> [Information shown]:
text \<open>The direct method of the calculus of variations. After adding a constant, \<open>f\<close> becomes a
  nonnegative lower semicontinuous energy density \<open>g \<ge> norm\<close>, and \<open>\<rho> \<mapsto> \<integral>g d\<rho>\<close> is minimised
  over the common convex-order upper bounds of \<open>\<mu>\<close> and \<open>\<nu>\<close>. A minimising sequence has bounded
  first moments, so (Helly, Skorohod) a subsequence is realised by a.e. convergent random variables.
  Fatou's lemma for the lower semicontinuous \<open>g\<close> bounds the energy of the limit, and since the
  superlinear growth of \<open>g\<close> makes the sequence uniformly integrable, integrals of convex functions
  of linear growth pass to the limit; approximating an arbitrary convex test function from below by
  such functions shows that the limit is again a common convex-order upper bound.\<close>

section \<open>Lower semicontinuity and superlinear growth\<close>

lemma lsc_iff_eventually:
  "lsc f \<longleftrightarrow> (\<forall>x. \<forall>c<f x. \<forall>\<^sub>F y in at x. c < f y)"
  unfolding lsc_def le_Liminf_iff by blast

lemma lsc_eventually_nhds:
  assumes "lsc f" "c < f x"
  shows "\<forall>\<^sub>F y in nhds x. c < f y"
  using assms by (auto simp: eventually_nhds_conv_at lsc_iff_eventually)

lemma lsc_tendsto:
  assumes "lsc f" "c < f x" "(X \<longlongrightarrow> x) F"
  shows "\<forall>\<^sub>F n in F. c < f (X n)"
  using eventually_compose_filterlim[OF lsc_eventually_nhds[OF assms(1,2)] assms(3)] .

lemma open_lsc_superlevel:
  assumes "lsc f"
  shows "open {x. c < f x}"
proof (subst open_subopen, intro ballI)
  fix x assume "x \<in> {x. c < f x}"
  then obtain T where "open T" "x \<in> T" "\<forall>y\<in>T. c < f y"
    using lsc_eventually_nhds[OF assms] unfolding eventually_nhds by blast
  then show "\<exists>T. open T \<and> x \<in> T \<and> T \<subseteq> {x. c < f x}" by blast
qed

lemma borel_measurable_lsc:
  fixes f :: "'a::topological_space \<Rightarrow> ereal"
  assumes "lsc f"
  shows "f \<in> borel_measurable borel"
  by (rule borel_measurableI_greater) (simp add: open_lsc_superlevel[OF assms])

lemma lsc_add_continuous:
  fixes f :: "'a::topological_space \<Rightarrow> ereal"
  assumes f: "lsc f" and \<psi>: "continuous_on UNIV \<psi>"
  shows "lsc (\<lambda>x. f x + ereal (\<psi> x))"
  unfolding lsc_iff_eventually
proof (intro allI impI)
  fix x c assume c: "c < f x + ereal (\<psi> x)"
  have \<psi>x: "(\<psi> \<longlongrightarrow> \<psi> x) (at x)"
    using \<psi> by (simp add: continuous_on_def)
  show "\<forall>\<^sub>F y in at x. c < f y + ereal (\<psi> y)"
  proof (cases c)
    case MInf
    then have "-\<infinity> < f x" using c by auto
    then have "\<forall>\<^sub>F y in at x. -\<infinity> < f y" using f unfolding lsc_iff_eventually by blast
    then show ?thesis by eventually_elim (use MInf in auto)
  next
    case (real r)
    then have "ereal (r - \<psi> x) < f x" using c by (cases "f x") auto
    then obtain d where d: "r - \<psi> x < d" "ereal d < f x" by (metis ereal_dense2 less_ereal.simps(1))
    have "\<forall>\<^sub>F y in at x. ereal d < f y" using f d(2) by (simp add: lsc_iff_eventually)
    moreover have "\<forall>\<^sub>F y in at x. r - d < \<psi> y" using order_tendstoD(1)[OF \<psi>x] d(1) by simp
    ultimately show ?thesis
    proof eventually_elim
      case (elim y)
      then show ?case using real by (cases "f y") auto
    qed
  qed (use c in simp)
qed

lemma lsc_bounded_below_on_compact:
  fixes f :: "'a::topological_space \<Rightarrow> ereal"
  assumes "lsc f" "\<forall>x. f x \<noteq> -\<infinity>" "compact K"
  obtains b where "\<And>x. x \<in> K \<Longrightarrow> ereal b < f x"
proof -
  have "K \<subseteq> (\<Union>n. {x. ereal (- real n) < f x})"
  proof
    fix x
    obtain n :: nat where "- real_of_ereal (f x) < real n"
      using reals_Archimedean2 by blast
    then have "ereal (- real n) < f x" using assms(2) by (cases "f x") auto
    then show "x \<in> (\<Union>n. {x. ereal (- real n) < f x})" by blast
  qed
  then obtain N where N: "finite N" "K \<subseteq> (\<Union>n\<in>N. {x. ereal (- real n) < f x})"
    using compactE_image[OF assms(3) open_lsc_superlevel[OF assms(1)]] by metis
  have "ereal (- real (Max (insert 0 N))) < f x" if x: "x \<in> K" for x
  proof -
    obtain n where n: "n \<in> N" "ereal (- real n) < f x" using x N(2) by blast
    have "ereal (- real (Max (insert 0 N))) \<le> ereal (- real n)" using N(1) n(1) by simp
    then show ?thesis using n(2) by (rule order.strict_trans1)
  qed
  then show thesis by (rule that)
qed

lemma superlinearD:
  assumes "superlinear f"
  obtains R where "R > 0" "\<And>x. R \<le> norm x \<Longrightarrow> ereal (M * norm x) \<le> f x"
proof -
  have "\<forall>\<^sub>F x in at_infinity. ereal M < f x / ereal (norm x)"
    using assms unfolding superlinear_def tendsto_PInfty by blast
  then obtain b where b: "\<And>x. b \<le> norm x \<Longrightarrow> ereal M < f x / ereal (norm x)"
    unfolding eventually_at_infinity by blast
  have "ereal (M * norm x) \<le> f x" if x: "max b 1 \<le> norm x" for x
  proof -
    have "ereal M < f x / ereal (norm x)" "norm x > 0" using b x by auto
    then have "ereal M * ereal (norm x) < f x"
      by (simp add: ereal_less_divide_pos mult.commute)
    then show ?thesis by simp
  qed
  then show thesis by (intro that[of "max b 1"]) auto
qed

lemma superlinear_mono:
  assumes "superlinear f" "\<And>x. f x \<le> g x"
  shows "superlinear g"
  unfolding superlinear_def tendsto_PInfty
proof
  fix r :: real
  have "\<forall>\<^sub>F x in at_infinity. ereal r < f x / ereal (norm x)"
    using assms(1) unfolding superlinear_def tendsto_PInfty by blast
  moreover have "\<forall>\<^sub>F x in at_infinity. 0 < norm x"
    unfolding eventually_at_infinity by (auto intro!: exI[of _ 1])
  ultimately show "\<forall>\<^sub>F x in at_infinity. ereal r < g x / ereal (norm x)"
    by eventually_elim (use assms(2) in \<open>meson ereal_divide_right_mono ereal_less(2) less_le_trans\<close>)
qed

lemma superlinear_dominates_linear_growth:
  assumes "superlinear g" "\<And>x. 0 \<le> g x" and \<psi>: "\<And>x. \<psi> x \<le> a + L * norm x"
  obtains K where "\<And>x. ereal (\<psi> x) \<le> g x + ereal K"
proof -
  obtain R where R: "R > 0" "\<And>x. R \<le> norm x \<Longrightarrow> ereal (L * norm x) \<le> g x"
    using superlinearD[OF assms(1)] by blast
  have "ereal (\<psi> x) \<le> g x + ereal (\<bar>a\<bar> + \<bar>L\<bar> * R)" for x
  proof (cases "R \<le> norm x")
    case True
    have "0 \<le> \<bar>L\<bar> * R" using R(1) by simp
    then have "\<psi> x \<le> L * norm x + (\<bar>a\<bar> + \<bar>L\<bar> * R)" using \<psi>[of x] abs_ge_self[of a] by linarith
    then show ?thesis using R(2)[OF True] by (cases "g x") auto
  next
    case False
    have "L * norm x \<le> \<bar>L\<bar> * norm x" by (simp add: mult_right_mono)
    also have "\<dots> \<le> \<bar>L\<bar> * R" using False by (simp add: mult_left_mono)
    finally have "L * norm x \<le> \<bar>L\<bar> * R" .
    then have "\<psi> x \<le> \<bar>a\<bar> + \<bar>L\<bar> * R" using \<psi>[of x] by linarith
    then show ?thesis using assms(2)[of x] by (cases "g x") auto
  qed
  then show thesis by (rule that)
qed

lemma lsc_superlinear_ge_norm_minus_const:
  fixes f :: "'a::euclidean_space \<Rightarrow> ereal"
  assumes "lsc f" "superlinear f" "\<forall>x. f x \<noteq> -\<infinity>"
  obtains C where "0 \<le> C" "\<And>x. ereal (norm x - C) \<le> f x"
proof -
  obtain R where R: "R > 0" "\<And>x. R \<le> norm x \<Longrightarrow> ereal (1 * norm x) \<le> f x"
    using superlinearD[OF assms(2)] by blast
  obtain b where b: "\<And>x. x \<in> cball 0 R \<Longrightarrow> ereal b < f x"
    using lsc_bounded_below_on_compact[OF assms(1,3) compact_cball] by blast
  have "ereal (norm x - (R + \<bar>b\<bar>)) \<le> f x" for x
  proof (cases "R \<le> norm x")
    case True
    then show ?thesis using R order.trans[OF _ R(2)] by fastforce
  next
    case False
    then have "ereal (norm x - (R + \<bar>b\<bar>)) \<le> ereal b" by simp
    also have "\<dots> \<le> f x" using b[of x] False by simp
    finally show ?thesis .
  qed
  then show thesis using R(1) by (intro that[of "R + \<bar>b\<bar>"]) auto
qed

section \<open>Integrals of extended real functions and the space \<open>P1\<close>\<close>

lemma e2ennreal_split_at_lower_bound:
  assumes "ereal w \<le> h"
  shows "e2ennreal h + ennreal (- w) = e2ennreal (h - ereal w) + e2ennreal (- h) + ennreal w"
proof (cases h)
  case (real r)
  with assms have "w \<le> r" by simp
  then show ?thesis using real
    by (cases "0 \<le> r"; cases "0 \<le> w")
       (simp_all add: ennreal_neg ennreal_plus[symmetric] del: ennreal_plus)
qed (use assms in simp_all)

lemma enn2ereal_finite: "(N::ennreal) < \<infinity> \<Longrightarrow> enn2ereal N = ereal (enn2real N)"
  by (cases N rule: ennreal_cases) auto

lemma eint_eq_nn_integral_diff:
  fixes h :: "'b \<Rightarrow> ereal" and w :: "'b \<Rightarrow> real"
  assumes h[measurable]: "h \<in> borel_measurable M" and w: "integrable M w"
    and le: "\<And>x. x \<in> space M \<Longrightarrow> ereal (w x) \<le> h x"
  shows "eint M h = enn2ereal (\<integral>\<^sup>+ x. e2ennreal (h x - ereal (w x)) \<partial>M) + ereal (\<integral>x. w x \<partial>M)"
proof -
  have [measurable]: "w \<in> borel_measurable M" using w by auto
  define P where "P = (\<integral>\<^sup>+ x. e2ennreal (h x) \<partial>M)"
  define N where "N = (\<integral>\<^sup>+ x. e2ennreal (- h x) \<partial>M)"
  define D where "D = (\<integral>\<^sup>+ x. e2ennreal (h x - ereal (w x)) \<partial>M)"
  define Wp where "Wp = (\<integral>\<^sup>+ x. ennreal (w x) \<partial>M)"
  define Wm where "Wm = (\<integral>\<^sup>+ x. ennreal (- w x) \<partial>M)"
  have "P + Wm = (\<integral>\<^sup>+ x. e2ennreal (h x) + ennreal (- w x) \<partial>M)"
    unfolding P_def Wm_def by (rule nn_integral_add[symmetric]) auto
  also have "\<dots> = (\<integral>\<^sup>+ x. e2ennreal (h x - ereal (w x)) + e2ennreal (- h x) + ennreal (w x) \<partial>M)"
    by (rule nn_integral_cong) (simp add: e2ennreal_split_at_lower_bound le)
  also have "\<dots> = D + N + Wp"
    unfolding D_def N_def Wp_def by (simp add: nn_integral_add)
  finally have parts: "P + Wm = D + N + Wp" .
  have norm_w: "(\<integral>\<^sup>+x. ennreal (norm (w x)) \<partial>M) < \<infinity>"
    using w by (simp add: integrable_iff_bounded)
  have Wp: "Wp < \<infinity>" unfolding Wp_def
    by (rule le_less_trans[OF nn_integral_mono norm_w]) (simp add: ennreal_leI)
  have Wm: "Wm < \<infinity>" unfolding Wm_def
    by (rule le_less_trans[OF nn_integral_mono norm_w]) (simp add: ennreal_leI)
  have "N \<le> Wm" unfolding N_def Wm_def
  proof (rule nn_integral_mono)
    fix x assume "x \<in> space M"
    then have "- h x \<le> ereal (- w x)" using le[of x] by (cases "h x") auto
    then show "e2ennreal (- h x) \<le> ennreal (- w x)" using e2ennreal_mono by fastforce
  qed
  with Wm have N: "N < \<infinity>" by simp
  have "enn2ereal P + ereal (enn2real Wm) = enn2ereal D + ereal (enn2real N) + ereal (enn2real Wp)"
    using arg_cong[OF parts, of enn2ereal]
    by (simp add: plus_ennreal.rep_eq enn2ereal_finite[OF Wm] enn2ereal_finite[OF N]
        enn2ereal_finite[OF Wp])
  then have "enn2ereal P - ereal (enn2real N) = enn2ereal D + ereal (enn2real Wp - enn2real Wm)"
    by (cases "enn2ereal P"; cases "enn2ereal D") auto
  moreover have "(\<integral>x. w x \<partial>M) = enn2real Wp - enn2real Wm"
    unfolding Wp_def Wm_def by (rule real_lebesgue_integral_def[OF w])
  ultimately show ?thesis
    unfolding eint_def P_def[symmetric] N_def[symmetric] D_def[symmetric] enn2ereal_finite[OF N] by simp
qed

--

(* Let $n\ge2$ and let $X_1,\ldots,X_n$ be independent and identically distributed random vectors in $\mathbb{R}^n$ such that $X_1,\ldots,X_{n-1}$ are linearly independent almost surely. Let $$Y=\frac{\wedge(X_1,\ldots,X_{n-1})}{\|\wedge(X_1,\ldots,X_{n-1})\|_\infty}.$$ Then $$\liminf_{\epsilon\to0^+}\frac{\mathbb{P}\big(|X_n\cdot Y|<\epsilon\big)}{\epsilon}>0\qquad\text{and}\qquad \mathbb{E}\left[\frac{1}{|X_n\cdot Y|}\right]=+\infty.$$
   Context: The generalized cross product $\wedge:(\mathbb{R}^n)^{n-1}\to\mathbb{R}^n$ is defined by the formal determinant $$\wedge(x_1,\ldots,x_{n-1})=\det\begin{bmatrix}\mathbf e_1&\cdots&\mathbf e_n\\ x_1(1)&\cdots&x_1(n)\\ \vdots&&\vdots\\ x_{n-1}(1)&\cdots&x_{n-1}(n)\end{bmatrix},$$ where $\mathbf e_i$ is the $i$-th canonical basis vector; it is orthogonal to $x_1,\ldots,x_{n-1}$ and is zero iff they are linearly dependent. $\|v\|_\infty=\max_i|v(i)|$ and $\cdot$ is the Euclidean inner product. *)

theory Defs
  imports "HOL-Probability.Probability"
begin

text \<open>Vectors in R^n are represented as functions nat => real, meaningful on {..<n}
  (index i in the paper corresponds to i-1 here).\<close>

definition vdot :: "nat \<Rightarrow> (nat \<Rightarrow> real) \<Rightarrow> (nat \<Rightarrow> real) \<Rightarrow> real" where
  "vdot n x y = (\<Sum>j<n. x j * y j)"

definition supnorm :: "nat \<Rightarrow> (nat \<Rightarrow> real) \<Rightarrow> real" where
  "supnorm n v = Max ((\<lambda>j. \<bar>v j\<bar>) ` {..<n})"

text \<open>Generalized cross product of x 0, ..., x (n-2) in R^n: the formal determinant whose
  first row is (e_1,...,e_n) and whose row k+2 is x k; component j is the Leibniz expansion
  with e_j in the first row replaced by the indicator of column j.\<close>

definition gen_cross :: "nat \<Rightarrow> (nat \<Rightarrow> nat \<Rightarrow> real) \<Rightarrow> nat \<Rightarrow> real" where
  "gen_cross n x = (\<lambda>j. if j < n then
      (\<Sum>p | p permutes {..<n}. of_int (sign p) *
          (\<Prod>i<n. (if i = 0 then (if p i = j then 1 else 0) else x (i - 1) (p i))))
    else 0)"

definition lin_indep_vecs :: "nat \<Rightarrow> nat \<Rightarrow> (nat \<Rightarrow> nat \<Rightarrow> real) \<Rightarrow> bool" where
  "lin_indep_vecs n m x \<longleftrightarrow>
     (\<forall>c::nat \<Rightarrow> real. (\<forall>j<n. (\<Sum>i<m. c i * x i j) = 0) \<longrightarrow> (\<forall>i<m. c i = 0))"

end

* * *

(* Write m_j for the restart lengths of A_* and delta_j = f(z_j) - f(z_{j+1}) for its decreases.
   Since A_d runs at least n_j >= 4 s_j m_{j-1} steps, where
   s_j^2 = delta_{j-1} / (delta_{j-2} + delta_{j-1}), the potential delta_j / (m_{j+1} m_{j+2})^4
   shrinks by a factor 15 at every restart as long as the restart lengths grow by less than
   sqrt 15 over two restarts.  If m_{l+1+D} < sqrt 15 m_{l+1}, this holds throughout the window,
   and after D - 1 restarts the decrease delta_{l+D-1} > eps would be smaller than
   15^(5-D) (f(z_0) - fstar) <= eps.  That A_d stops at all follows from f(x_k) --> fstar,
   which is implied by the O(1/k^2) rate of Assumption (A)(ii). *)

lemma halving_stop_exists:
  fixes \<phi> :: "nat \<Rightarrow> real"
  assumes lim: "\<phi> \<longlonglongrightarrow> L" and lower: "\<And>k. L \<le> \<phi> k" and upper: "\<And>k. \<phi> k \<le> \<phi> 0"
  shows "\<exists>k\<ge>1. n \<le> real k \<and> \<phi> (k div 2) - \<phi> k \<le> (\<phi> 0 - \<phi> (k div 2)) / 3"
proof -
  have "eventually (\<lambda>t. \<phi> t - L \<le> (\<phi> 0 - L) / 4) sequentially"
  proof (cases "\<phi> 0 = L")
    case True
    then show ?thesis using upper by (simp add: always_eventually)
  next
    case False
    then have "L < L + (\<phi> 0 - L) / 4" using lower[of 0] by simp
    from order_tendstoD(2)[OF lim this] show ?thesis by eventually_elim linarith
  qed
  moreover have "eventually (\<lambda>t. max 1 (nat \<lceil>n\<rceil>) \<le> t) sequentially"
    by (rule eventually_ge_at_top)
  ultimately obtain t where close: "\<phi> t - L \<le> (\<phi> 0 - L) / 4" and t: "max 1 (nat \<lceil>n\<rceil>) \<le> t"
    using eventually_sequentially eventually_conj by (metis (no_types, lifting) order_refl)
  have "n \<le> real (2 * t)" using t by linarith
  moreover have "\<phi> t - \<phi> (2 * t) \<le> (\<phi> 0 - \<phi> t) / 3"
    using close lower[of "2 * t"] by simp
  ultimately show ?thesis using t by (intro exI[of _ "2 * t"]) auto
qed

> [Your task]: Start with the line above that contains "from order_tendstoD(2)[OF lim" and end with the line that contains "using eventually_sequentially eventually_conj". Write out those lines exactly, and only those.

> [Result of this exercise]:
    from order_tendstoD(2)[OF lim this] show ?thesis by eventually_elim linarith
  qed
  moreover have "eventually (\<lambda>t. max 1 (nat \<lceil>n\<rceil>) \<le> t) sequentially"
    by (rule eventually_ge_at_top)
  ultimately obtain t where close: "\<phi> t - L \<le> (\<phi> 0 - L) / 4" and t: "max 1 (nat \<lceil>n\<rceil>) \<le> t"
    using eventually_sequentially eventually_conj by (metis (no_types, lifting) order_refl)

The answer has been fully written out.